(* Let $m,a,b,t\in\mathbb{N}$ with $m\geq 3$, $a\geq 1$, $t\in\{2,\ldots,m-1\}$ and $(t-1)(am+1)<bm+t<t(am+1)$, let $S=\langle m,\ am+1,\ bm+t\rangle$ (a MANS-semigroup with embedding dimension $3$), $q=\left\lfloor\frac{m-1}{t}\right\rfloor$ and $r=(m-1)\bmod t$. (1) If $t$ divides $m$, then $\mathrm{PF}(S)=\{q(bm+t)+r(am+1)-m\}$. (2) If $t$ does not divide $m$, then $\mathrm{PF}(S)=\{(q-1)(bm+t)+(t-1)(am+1)-m,\ q(bm+t)+r(am+1)-m\}$.
   Context: $\mathbb{N}=\{0,1,2,\ldots\}$. $\langle A\rangle$ is the submonoid of $(\mathbb{N},+)$ generated by $A$; a numerical semigroup is a submonoid of $\mathbb{N}$ with finite complement. A pseudo-Frobenius number of $S$ is an $x\in\mathbb{Z}\setminus S$ with $x+s\in S$ for all $s\in S\setminus\{0\}$; $\mathrm{PF}(S)$ is the set of them. A MANS-semigroup is a numerical semigroup with $w(1)<\cdots<w(\mathrm{m}(S)-1)$, where $\mathrm{m}(S)$ is the least element of $S\setminus\{0\}$ and $w(i)$ the least element of $S$ congruent to $i$ modulo $\mathrm{m}(S)$. $a\bmod b$ is the remainder of the division of $a$ by $b$. *)

theory Defs
  imports Main
begin

inductive_set gen_monoid :: "nat set \<Rightarrow> nat set" for A :: "nat set" where
  zero: "0 \<in> gen_monoid A"
| add: "a \<in> A \<Longrightarrow> x \<in> gen_monoid A \<Longrightarrow> a + x \<in> gen_monoid A"

definition PF :: "nat set \<Rightarrow> int set" where
  "PF S = {x :: int. x \<notin> int ` S \<and> (\<forall>s\<in>S. s \<noteq> 0 \<longrightarrow> x + int s \<in> int ` S)}"

end

(*
  Write A = am + 1 and B = bm + t. For j = qt + r with r < t, the element ap j = qB + rA is
  congruent to j modulo m, and it is the least element of S in its residue class: an element
  km + yA + zB of that class has y + zt congruent to j, the bound B < tA shows that trading t
  copies of A for one B never increases the value, and ap is strictly increasing. So ap is the
  Apery map of S with respect to m, the pseudo-Frobenius numbers are the ap i - m for which
  ap i - m + A and ap i - m + B lie in S, and these two conditions hold exactly for i = m - 1
  and for the index i = t floor((m-1)/t) - 1, the latter qualifying only when t does not divide m.
*)
theory Submission
  imports Defs
begin

lemma gen_monoid_add:
  "x \<in> gen_monoid A \<Longrightarrow> y \<in> gen_monoid A \<Longrightarrow> x + y \<in> gen_monoid A"
  by (induction x rule: gen_monoid.induct) (auto simp: add.assoc intro: gen_monoid.add)

lemma gen_monoid_multiple: "g \<in> A \<Longrightarrow> c * g \<in> gen_monoid A"
  by (induction c) (auto intro: gen_monoid.intros)

lemma gen_monoid_three_iff:
  "n \<in> gen_monoid {g\<^sub>1, g\<^sub>2, g\<^sub>3} \<longleftrightarrow> (\<exists>k y z. n = k * g\<^sub>1 + y * g\<^sub>2 + z * g\<^sub>3)"
proof
  show "n \<in> gen_monoid {g\<^sub>1, g\<^sub>2, g\<^sub>3} \<Longrightarrow> \<exists>k y z. n = k * g\<^sub>1 + y * g\<^sub>2 + z * g\<^sub>3"
  proof (induction n rule: gen_monoid.induct)
    case zero
    show ?case by (rule exI[of _ 0]) simp
  next
    case (add g x)
    then obtain k y z where "x = k * g\<^sub>1 + y * g\<^sub>2 + z * g\<^sub>3" by blast
    with add.hyps(1) have "g + x = Suc k * g\<^sub>1 + y * g\<^sub>2 + z * g\<^sub>3 \<or>
      g + x = k * g\<^sub>1 + Suc y * g\<^sub>2 + z * g\<^sub>3 \<or> g + x = k * g\<^sub>1 + y * g\<^sub>2 + Suc z * g\<^sub>3"
      by auto
    then show ?case by blast
  qed
  show "\<exists>k y z. n = k * g\<^sub>1 + y * g\<^sub>2 + z * g\<^sub>3 \<Longrightarrow> n \<in> gen_monoid {g\<^sub>1, g\<^sub>2, g\<^sub>3}"
    by (auto intro!: gen_monoid_add gen_monoid_multiple)
qed

lemma shifts_into_gen_monoid_iff:
  "(\<forall>s\<in>gen_monoid G. s \<noteq> 0 \<longrightarrow> x + int s \<in> int ` gen_monoid G) \<longleftrightarrow>
   (\<forall>g\<in>G. g \<noteq> 0 \<longrightarrow> x + int g \<in> int ` gen_monoid G)"
proof
  assume "\<forall>s\<in>gen_monoid G. s \<noteq> 0 \<longrightarrow> x + int s \<in> int ` gen_monoid G"
  then show "\<forall>g\<in>G. g \<noteq> 0 \<longrightarrow> x + int g \<in> int ` gen_monoid G"
    using gen_monoid_multiple[of _ G 1] by simp
next
  assume gens: "\<forall>g\<in>G. g \<noteq> 0 \<longrightarrow> x + int g \<in> int ` gen_monoid G"
  have "s \<noteq> 0 \<longrightarrow> x + int s \<in> int ` gen_monoid G" if "s \<in> gen_monoid G" for s
    using that
  proof (induction s rule: gen_monoid.induct)
    case zero
    show ?case by simp
  next
    case (add g y)
    show ?case
    proof (cases "y = 0")
      case True
      then show ?thesis using add.hyps(1) gens by simp
    next
      case False
      with add.IH obtain u where "u \<in> gen_monoid G" "x + int y = int u" by auto
      then have "g + u \<in> gen_monoid G" "x + int (g + y) = int (g + u)"
        using add.hyps(1) by (auto intro: gen_monoid.add)
      then show ?thesis by (metis image_eqI)
    qed
  qed
  then show "\<forall>s\<in>gen_monoid G. s \<noteq> 0 \<longrightarrow> x + int s \<in> int ` gen_monoid G" by blast
qed

locale apery_map =
  fixes S :: "nat set" and m :: nat and w :: "nat \<Rightarrow> nat"
  assumes pos: "0 < m" and m_mem: "m \<in> S" and add_m_closed: "\<And>n. n \<in> S \<Longrightarrow> n + m \<in> S"
    and w_mem: "\<And>i. i < m \<Longrightarrow> w i \<in> S" and w_mod: "\<And>i. i < m \<Longrightarrow> w i mod m = i"
    and w_least: "\<And>n. n \<in> S \<Longrightarrow> w (n mod m) \<le> n"
begin

lemma mem_iff: "n \<in> S \<longleftrightarrow> w (n mod m) \<le> n"
proof
  assume le: "w (n mod m) \<le> n"
  have "w (n mod m) mod m = n mod m" using w_mod pos by simp
  then obtain k where n: "n = w (n mod m) + k * m"
    using le by (metis add.commute le_add_diff_inverse mod_eq_dvd_iff_nat dvd_div_mult_self)
  have "w (n mod m) + k * m \<in> S" for k
  proof (induction k)
    case 0
    show ?case using w_mem pos by simp
  next
    case (Suc k)
    then show ?case using add_m_closed[OF Suc] by (simp add: add_ac)
  qed
  then show "n \<in> S" by (subst n)
qed (rule w_least)

lemma diff_m_mem:
  assumes "n \<in> S" "w (n mod m) < n"
  shows "m \<le> n" "n - m \<in> S"
proof -
  have "w (n mod m) mod m = n mod m" using w_mod pos by simp
  then have "m dvd n - w (n mod m)"
    using mod_eq_dvd_iff_nat[of "w (n mod m)" n m] assms(2) by simp
  then have "w (n mod m) + m \<le> n" using assms(2) by (auto dest: dvd_imp_le)
  then show "m \<le> n" by simp
  then have "(n - m) mod m = n mod m" by (simp add: le_mod_geq)
  then show "n - m \<in> S" using mem_iff \<open>w (n mod m) + m \<le> n\<close> by simp
qed

lemma PF_iff:
  "x \<in> PF S \<longleftrightarrow> (\<exists>i<m. x = int (w i) - int m \<and> (\<forall>s\<in>S. s \<noteq> 0 \<longrightarrow> x + int s \<in> int ` S))"
proof
  assume x: "x \<in> PF S"
  then obtain n where n: "n \<in> S" "x + int m = int n"
    using m_mem pos unfolding PF_def by force
  have "n = w (n mod m)"
  proof (rule ccontr)
    assume "n \<noteq> w (n mod m)"
    then have "w (n mod m) < n" using w_least n(1) by (simp add: order_less_le)
    then have "x = int (n - m)" "n - m \<in> S" using diff_m_mem n by auto
    then show False using x unfolding PF_def by blast
  qed
  then show "\<exists>i<m. x = int (w i) - int m \<and> (\<forall>s\<in>S. s \<noteq> 0 \<longrightarrow> x + int s \<in> int ` S)"
    using x n(2) pos unfolding PF_def by (auto intro!: exI[of _ "n mod m"])
next
  assume "\<exists>i<m. x = int (w i) - int m \<and> (\<forall>s\<in>S. s \<noteq> 0 \<longrightarrow> x + int s \<in> int ` S)"
  then obtain i where i: "i < m" "x = int (w i) - int m"
    and shifts: "\<forall>s\<in>S. s \<noteq> 0 \<longrightarrow> x + int s \<in> int ` S" by blast
  have "x \<notin> int ` S"
  proof
    assume "x \<in> int ` S"
    then obtain n where "n \<in> S" "n + m = w i" using i(2) by auto
    then have "n mod m = i" using w_mod[OF i(1)] by (metis mod_add_self2)
    then have "w i \<le> n" using w_least \<open>n \<in> S\<close> by blast
    then show False using \<open>n + m = w i\<close> pos by linarith
  qed
  with shifts show "x \<in> PF S" unfolding PF_def by blast
qed

end

locale mans_edim3 =
  fixes m a b t :: nat
  assumes m_ge: "m \<ge> 3" and a_pos: "a \<ge> 1" and t_ge: "2 \<le> t" and t_le: "t \<le> m - 1"
    and lower: "(t - 1) * (a * m + 1) < b * m + t" and upper: "b * m + t < t * (a * m + 1)"
begin

abbreviation S :: "nat set" where "S \<equiv> gen_monoid {m, a * m + 1, b * m + t}"

definition ap :: "nat \<Rightarrow> nat" where
  "ap j = (j div t) * (b * m + t) + (j mod t) * (a * m + 1)"

lemma ap_eq: "ap j = m * ((j div t) * b + (j mod t) * a) + j"
proof -
  have "ap j = m * ((j div t) * b + (j mod t) * a) + ((j div t) * t + j mod t)"
    unfolding ap_def by (simp add: algebra_simps)
  then show ?thesis by simp
qed

lemma ap_mod: "ap j mod m = j mod m"
  by (simp add: ap_eq)

lemma ap_Suc_same_block: "Suc (j mod t) \<noteq> t \<Longrightarrow> ap (Suc j) = ap j + (a * m + 1)"
  by (simp add: ap_def mod_Suc div_Suc)

lemma ap_Suc_next_block:
  assumes "Suc (j mod t) = t"
  shows "ap (Suc j) + (t - 1) * (a * m + 1) = ap j + (b * m + t)"
proof -
  have "Suc j mod t = 0" "Suc j div t = Suc (j div t)" "j mod t = t - 1"
    using assms by (simp_all add: mod_Suc div_Suc)
  then show ?thesis by (simp add: ap_def algebra_simps)
qed

lemma ap_add_t: "ap (j + t) = ap j + (b * m + t)"
proof -
  have "(j + t) div t = Suc (j div t)" "(j + t) mod t = j mod t"
    using t_ge by (simp_all add: div_add_self2)
  then show ?thesis by (simp add: ap_def algebra_simps)
qed

lemma ap_strict_mono: "strict_mono ap"
  unfolding strict_mono_Suc_iff
proof
  fix j
  show "ap j < ap (Suc j)"
  proof (cases "Suc (j mod t) = t")
    case True
    then show ?thesis using ap_Suc_next_block[OF True] lower by linarith
  next
    case False
    then show ?thesis using ap_Suc_same_block[OF False] by simp
  qed
qed

lemma ap_le_combination: "ap (y + z * t) \<le> y * (a * m + 1) + z * (b * m + t)"
proof -
  have "(y div t) * (b * m + t) \<le> (y div t) * (t * (a * m + 1))"
    using upper by simp
  moreover have "y * (a * m + 1) = (y div t) * (t * (a * m + 1)) + (y mod t) * (a * m + 1)"
    by (metis div_mult_mod_eq add_mult_distrib mult.assoc mult.commute)
  ultimately show ?thesis
    using t_ge by (simp add: ap_def algebra_simps)
qed

lemma ap_mem: "ap j \<in> S"
  unfolding ap_def by (intro gen_monoid_add gen_monoid_multiple) auto

lemma ap_least:
  assumes "n \<in> S" shows "ap (n mod m) \<le> n"
proof -
  obtain k y z where n: "n = k * m + y * (a * m + 1) + z * (b * m + t)"
    using assms gen_monoid_three_iff by blast
  then have "n = m * (k + y * a + z * b) + (y + z * t)"
    by (simp add: algebra_simps)
  then have "n mod m = (y + z * t) mod m" by simp
  then have "ap (n mod m) \<le> ap (y + z * t)"
    using strict_mono_less_eq[OF ap_strict_mono] by simp
  also have "\<dots> \<le> n"
    using ap_le_combination[of y z] n by linarith
  finally show ?thesis .
qed

sublocale apery_map S m ap
proof
  show "0 < m" using m_ge by simp
  show m_mem: "m \<in> S" using gen_monoid_multiple[of m _ 1] by simp
  show "n + m \<in> S" if "n \<in> S" for n using gen_monoid_add[OF that m_mem] .
  show "ap i \<in> S" for i by (rule ap_mem)
  show "ap i mod m = i" if "i < m" for i using ap_mod that by simp
  show "ap (n mod m) \<le> n" if "n \<in> S" for n using ap_least[OF that] .
qed

lemma b_pos: "1 \<le> b"
proof (rule ccontr)
  assume "\<not> 1 \<le> b"
  then have "b = 0" by simp
  then have "(t - 1) * (a * m + 1) < t" using lower by simp
  moreover have "(t - 1) * 2 \<le> (t - 1) * (a * m + 1)"
    using a_pos m_ge by (intro mult_le_mono2) (simp add: Suc_le_eq)
  ultimately show False using t_ge by linarith
qed

lemma upper_with_margin: "(b * m + t) + m \<le> t * (a * m + 1)"
proof -
  have "b * m < (t * a) * m" using upper by (simp add: algebra_simps)
  then have "(b + 1) * m \<le> (t * a) * m" by (intro mult_le_mono1) simp
  then show ?thesis by (simp add: algebra_simps)
qed

lemma m_less_generators: "m < a * m + 1" "m < b * m + t"
proof -
  have "1 * m \<le> a * m" "1 * m \<le> b * m"
    using a_pos b_pos by (intro mult_le_mono1; simp)+
  then show "m < a * m + 1" "m < b * m + t" using t_ge by linarith+
qed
────
If a line above holds the string "gens", return it as it stands.

* **Task result**
  assume gens: "\<forall>g\<in>G. g \<noteq> 0 \<longrightarrow> x + int g \<in> int ` gen_monoid G"
      then show ?thesis using add.hyps(1) gens by simp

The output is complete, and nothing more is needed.